If you have been following the news, GDPR takes effect May 25 and will affect any businesses that process or handle data of citizens of the European Union. The real question surrounding this issue is ‘How ready are you?’
In this blog, we summed up the top 3 checklists to self-evaluate your organization’s readiness for D-day.
Are the C-suits on-board?
“Top-down” or “bottom-up”, which management direction would befit this scenario? Though often debatable, there’s no question that the C-suits play an important role in leading company staffs on the right track and getting everyone on-board. Aside from clear goals, leaders of the company should help paint the bigger picture, which is to stay compliant as well as keep the business going. Employees, on the other hand, should also be aware of the changes and share the responsibility when it comes to keeping customers data in check.

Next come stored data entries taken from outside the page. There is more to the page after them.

lemma index_mult_mat_vec_sum:
  "M \<in> carrier_mat m n \<Longrightarrow> x \<in> carrier_vec n \<Longrightarrow> i < m \<Longrightarrow>
    (M *\<^sub>v x) $ i = (\<Sum>r<n. M $$ (i,r) * x $ r)"
  by (auto simp: scalar_prod_def lessThan_atLeast0 intro!: sum.cong)

lemma index_mult_unit_vec:
  "(M::'a::semiring_1 mat) \<in> carrier_mat m n \<Longrightarrow> i < m \<Longrightarrow> j < n \<Longrightarrow>
    (M *\<^sub>v unit_vec n j) $ i = M $$ (i,j)"
  by simp

lemma mat_eq_zeroI:
  assumes "(M::'a::semiring_1 mat) \<in> carrier_mat m n" and "\<forall>x\<in>carrier_vec n. M *\<^sub>v x = 0\<^sub>v m"
  shows "M = 0\<^sub>m m n"
proof (rule eq_matI)
  fix i j assume "i < dim_row (0\<^sub>m m n :: 'a mat)" "j < dim_col (0\<^sub>m m n :: 'a mat)"
  hence ij: "i < m" "j < n" by auto
  have "M $$ (i,j) = (M *\<^sub>v unit_vec n j) $ i" using index_mult_unit_vec[OF assms(1) ij] ..
  also have "\<dots> = 0" using assms(2) ij by simp
  finally show "M $$ (i,j) = (0\<^sub>m m n :: 'a mat) $$ (i,j)" using ij by simp
qed (use assms in auto)

section \<open>Tridiagonal matrices\<close>

definition symmetrizer :: "(nat \<Rightarrow> nat \<Rightarrow> 'a::field) \<Rightarrow> nat \<Rightarrow> 'a" where
  "symmetrizer Y = rec_nat 1 (\<lambda>i k. k * Y i (i+1) / Y (i+1) i)"

lemma symmetrizer_0 [simp]: "symmetrizer Y 0 = 1"
  and symmetrizer_Suc [simp]: "symmetrizer Y (Suc i) = symmetrizer Y i * Y i (i+1) / Y (i+1) i"
  by (simp_all add: symmetrizer_def)

lemma symmetrizer_nonzero:
  assumes "\<forall>i<d. Y i (i+1) \<noteq> 0 \<and> Y (i+1) i \<noteq> 0" "i \<le> d"
  shows "symmetrizer Y i \<noteq> 0"
  using assms(2) by (induction i) (use assms(1) in auto)

lemma symmetrizer_symmetric:
  assumes "\<forall>i\<le>d. \<forall>j\<le>d. (i+1 < j \<or> j+1 < i) \<longrightarrow> Y i j = 0"
    and "\<forall>i<d. Y (i+1) i \<noteq> 0" and "i \<le> d" "j \<le> d"
  shows "symmetrizer Y i * Y i j = symmetrizer Y j * Y j i"
proof -
  consider "i = j" | "j = i+1" | "i = j+1" | "i+1 < j \<or> j+1 < i" by arith
  thus ?thesis
  proof cases
    case 2 thus ?thesis using assms by simp
  next
    case 3 thus ?thesis using assms by simp
  next
    case 4 thus ?thesis using assms by auto
  qed simp
qed

lemma hessenberg_solution_eq_zero:
  fixes Y :: "nat \<Rightarrow> nat \<Rightarrow> 'a::field"
  assumes upper: "\<forall>i<d. \<forall>j\<le>d. i+1 < j \<longrightarrow> Y i j = 0"
    and super: "\<forall>i<d. Y i (i+1) \<noteq> 0"
    and rows: "\<forall>i<d. (\<Sum>j\<le>d. Y i j * \<xi> j) = \<theta> * \<xi> i"
    and "\<xi> 0 = 0"
  shows "\<forall>i\<le>d. \<xi> i = 0"
proof -
  have "\<forall>j\<le>i. \<xi> j = 0" if "i \<le> d" for i
    using that
  proof (induction i)
    case 0 thus ?case using \<open>\<xi> 0 = 0\<close> by simp
  next
    case (Suc i)
    hence IH: "\<forall>j\<le>i. \<xi> j = 0" and i: "i < d" by auto
    have "(\<Sum>j\<le>d. Y i j * \<xi> j) = (\<Sum>j\<le>d. if j = i+1 then Y i j * \<xi> j else 0)"
    proof (intro sum.cong refl)
      fix j assume "j \<in> {..d}"
      thus "Y i j * \<xi> j = (if j = i+1 then Y i j * \<xi> j else 0)"
        using IH upper i by (cases "j \<le> i") auto
    qed
    also have "\<dots> = Y i (i+1) * \<xi> (i+1)" using i by (simp add: sum.delta')
    finally have "Y i (i+1) * \<xi> (i+1) = 0" using rows IH i by auto
    hence "\<xi> (Suc i) = 0" using super i by simp
    thus ?case using IH le_Suc_eq by blast
  qed
  thus ?thesis by blast
qed

lemma hessenberg_solution_unique:
  fixes Y :: "nat \<Rightarrow> nat \<Rightarrow> 'a::field"
  assumes upper: "\<forall>i<d. \<forall>j\<le>d. i+1 < j \<longrightarrow> Y i j = 0"
    and super: "\<forall>i<d. Y i (i+1) \<noteq> 0"
    and rows_\<xi>: "\<forall>i<d. (\<Sum>j\<le>d. Y i j * \<xi> j) = \<theta> * \<xi> i"
    and rows_\<eta>: "\<forall>i<d. (\<Sum>j\<le>d. Y i j * \<eta> j) = \<theta> * \<eta> i"
    and "\<xi> 0 = \<eta> 0"
  shows "\<forall>i\<le>d. \<xi> i = \<eta> i"
proof -
  have "(\<Sum>j\<le>d. Y i j * (\<xi> j - \<eta> j)) = \<theta> * (\<xi> i - \<eta> i)" if "i < d" for i
    using rows_\<xi> rows_\<eta> that by (simp add: right_diff_distrib sum_subtractf)
  hence "\<forall>i\<le>d. \<xi> i - \<eta> i = 0"
    using \<open>\<xi> 0 = \<eta> 0\<close> by (intro hessenberg_solution_eq_zero[OF upper super]) auto
  thus ?thesis by simp
qed

lemma tridiagonal_row_solve:
  fixes b c :: "'a::field"
  assumes eq0: "c * am + b * ap = t0 * a"
    and eq1: "c * (sm * am) + b * (sp * ap) = t1 * (s * a) + (t0 * s1 - t1 * s0) * a"
    and "sp \<noteq> sm" "ap \<noteq> 0" "am \<noteq> 0"
  shows "b = (t1 * (s - s0) - t0 * (sm - s1)) / (sp - sm) * (a / ap)"
    and "c = (t0 * (sp - s1) - t1 * (s - s0)) / (sp - sm) * (a / am)"
proof -
  have "b * ap * (sp - sm) = (t1 * (s - s0) - t0 * (sm - s1)) * a"
    using arg_cong2[OF eq1 arg_cong[OF eq0, of "\<lambda>x. sm * x"], of "(-)"]
    by (simp add: algebra_simps)
  thus "b = (t1 * (s - s0) - t0 * (sm - s1)) / (sp - sm) * (a / ap)"
    using assms(3,4) by (simp add: field_simps)
  have "c * am * (sp - sm) = (t0 * (sp - s1) - t1 * (s - s0)) * a"
    using arg_cong2[OF arg_cong[OF eq0, of "\<lambda>x. sp * x"] eq1, of "(-)"]
    by (simp add: algebra_simps)
  thus "c = (t0 * (sp - s1) - t1 * (s - s0)) / (sp - sm) * (a / am)"
    using assms(3,5) by (simp add: field_simps)
qed

section \<open>Coordinates with respect to an adapted basis\<close>

locale adapted_frame =
  fixes d :: nat and Es :: "nat \<Rightarrow> 'a::field mat" and v :: "nat \<Rightarrow> 'a vec"
  assumes Es_carrier: "\<forall>i\<le>d. Es i \<in> carrier_mat (d+1) (d+1)"
    and Es_orth: "\<forall>i\<le>d. \<forall>j\<le>d. Es i * Es j = (if i = j then Es i else 0\<^sub>m (d+1) (d+1))"
    and v_adapted: "adapted_basis d Es v"
begin

text \<open>The simplifier rewrites \<open>d+1\<close> to \<open>Suc d\<close>, so derived facts are stated with \<open>Suc d\<close>.\<close>

lemma Es_carrier' [simp]: "i \<le> d \<Longrightarrow> Es i \<in> carrier_mat (Suc d) (Suc d)"
  using Es_carrier by simp

lemma Es_mult_vec_carrier [simp]:
  "i \<le> d \<Longrightarrow> x \<in> carrier_vec (Suc d) \<Longrightarrow> Es i *\<^sub>v x \<in> carrier_vec (Suc d)"
  by (rule mult_mat_vec_carrier[OF Es_carrier'])

lemma v_carrier [simp]: "i \<le> d \<Longrightarrow> v i \<in> carrier_vec (Suc d)"
  and dim_v [simp]: "i \<le> d \<Longrightarrow> dim_vec (v i) = Suc d"
  and v_nonzero: "i \<le> d \<Longrightarrow> v i \<noteq> 0\<^sub>v (Suc d)"
  using v_adapted by (auto simp: adapted_basis_def)

lemma Es_mult_adapted:
  assumes "adapted_basis d Es u" "i \<le> d" "k \<le> d"
  shows "Es i *\<^sub>v u k = (if i = k then u k else 0\<^sub>v (Suc d))"
proof -
  obtain w where w: "w \<in> carrier_vec (Suc d)" "u k = Es k *\<^sub>v w"
    using assms(1,3) Es_carrier'[OF assms(3)] unfolding adapted_basis_def in_image_def
    by (metis carrier_matD(2))
  have "Es i *\<^sub>v u k = (Es i * Es k) *\<^sub>v w"
    using w assoc_mult_mat_vec[OF Es_carrier'[OF assms(2)] Es_carrier'[OF assms(3)] w(1)] by simp
  thus ?thesis using Es_orth assms w by auto
qed

lemma Es_mult_lincomb_adapted:
  assumes "adapted_basis d Es u" "i \<le> d"
  shows "Es i *\<^sub>v lincomb_vec (Suc d) c u {..d} = c i \<cdot>\<^sub>v u i"
proof -
  have u: "\<forall>k\<in>{..d}. u k \<in> carrier_vec (Suc d)" using assms(1) by (auto simp: adapted_basis_def)
  have "Es i *\<^sub>v lincomb_vec (Suc d) c u {..d} = lincomb_vec (Suc d) c (\<lambda>k. Es i *\<^sub>v u k) {..d}"
    using assms(2) u by (intro mult_mat_lincomb_vec) auto
  also have "\<dots> = c i \<cdot>\<^sub>v (Es i *\<^sub>v u i)"
    using assms Es_mult_adapted u by (intro lincomb_vec_single) auto
  finally show ?thesis using Es_mult_adapted assms by simp
qed

definition basis_mat :: "'a mat" where
  "basis_mat = mat (Suc d) (Suc d) (\<lambda>(r,i). v i $ r)"

lemma basis_mat_carrier [simp]: "basis_mat \<in> carrier_mat (Suc d) (Suc d)"
  by (simp add: basis_mat_def)

lemma basis_mat_mult_vec:
  assumes "\<xi> \<in> carrier_vec (Suc d)"
  shows "basis_mat *\<^sub>v \<xi> = lincomb_vec (Suc d) (\<lambda>i. \<xi> $ i) v {..d}"
proof (rule eq_vecI)
  fix r assume "r < dim_vec (lincomb_vec (Suc d) (\<lambda>i. \<xi> $ i) v {..d})"
  hence r: "r < Suc d" by simp
  have "(basis_mat *\<^sub>v \<xi>) $ r = (\<Sum>i<Suc d. v i $ r * \<xi> $ i)"
    using r assms by (simp add: basis_mat_def scalar_prod_def lessThan_atLeast0)
  also have "\<dots> = (\<Sum>i\<le>d. \<xi> $ i * v i $ r)"
    by (simp add: lessThan_Suc_atMost mult.commute)
  finally show "(basis_mat *\<^sub>v \<xi>) $ r = lincomb_vec (Suc d) (\<lambda>i. \<xi> $ i) v {..d} $ r"
    using r by simp
qed (simp add: basis_mat_def)

lemma basis_mat_mult_unit_vec: "k \<le> d \<Longrightarrow> basis_mat *\<^sub>v unit_vec (Suc d) k = v k"
  using v_carrier[of k] by (intro eq_vecI) (auto simp: basis_mat_def)

lemma det_basis_mat_nonzero: "det basis_mat \<noteq> 0"
proof -
  have "\<xi> = 0\<^sub>v (Suc d)" if "\<xi> \<in> carrier_vec (Suc d)" "basis_mat *\<^sub>v \<xi> = 0\<^sub>v (Suc d)" for \<xi>
  proof (rule eq_vecI)
    fix i assume "i < dim_vec (0\<^sub>v (Suc d) :: 'a vec)"
    hence i: "i \<le> d" by simp
    have "\<xi> $ i \<cdot>\<^sub>v v i = Es i *\<^sub>v (basis_mat *\<^sub>v \<xi>)"
      using basis_mat_mult_vec[OF that(1)] Es_mult_lincomb_adapted[OF v_adapted i] by simp
    also have "\<dots> = 0\<^sub>v (Suc d)" using that(2) i by simp
    finally have "\<xi> $ i = 0" using smult_vec_zeroD[OF _ v_carrier v_nonzero] i by blast
    thus "\<xi> $ i = 0\<^sub>v (Suc d) $ i" using i by simp
  qed (use that in auto)
  thus ?thesis using det_0_iff_vec_prod_zero[OF basis_mat_carrier] by blast
qed

definition coord_mat :: "'a mat" where
  "coord_mat = (1 / det basis_mat) \<cdot>\<^sub>m adj_mat basis_mat"

lemma coord_mat_carrier [simp]: "coord_mat \<in> carrier_mat (Suc d) (Suc d)"
  using adj_mat(1)[OF basis_mat_carrier] by (simp add: coord_mat_def)

lemma coord_mat_basis_mat: "coord_mat * basis_mat = 1\<^sub>m (Suc d)"
  unfolding coord_mat_def mult_smult_assoc_mat[OF adj_mat(1) basis_mat_carrier, OF basis_mat_carrier]
    adj_mat(3)[OF basis_mat_carrier]
  using det_basis_mat_nonzero by (intro eq_matI) auto

lemma basis_mat_coord_mat: "basis_mat * coord_mat = 1\<^sub>m (Suc d)"
  unfolding coord_mat_def mult_smult_distrib[OF basis_mat_carrier adj_mat(1), OF basis_mat_carrier]
    adj_mat(2)[OF basis_mat_carrier]
  using det_basis_mat_nonzero by (intro eq_matI) auto

definition coord :: "'a vec \<Rightarrow> nat \<Rightarrow> 'a" where
  "coord x i = (coord_mat *\<^sub>v x) $ i"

Understanding the ramifications of non-compliance is important when bringing forth GDPR. If the company has been constantly educating their employees and providing proper training, then your organization is on the right track. In return, employees should start practicing compliance and making it a culture within the organization.
Are you familiar with your organization’s data architecture?
GDPR is all about safe-keeping those sensitive data and having someone being liable for it if any breaches or mismanagement were to occur. To avoid paying hefty fines, it is crucial to familiarize yourself with your organization’s data system. How the data is being stored, managed, used, and integrated are all important measures organization needs to address. When under assessment to be compliant, you would want to know all these information at the back of your hand.
For example, data portability is one of the newly introduced sections that gives a customer the rights to have their data transferred or even removed completely. Knowing where these data are stored and managed will come in handy and necessary in similar situations. If you are still unsure, perhaps it is best to nudge the right department or even proactively research your organization’s data architect. One way or the other, being in the know is better than being in the dark.
Is there a contingency plan?
Article 33 of GDPR stresses that in case of a data breach, it is mandatory to report the incident no later than 72 hours after being aware of it. Reporting the incident is just Plan A. The main concern here is Plan B – a contingency plan. Experts advise working out several action plans for emergencies cases. If your organization is deploying technology to manage data security properly, or even hiring a third-party to do so, know that you’re checking out the most important thing off the list.
However, even with the most advanced technology, there will still be gaps that can’t be filled. Do not solely rely on the vendor or technology to keep your data asset safe. Stay alert and be informed at all times. Despite the constant effort to keep hackers at bay, to err is human. Having several action plans coupled with a solid security solution can minimize the probability of leakage or even prevent hacking altogether.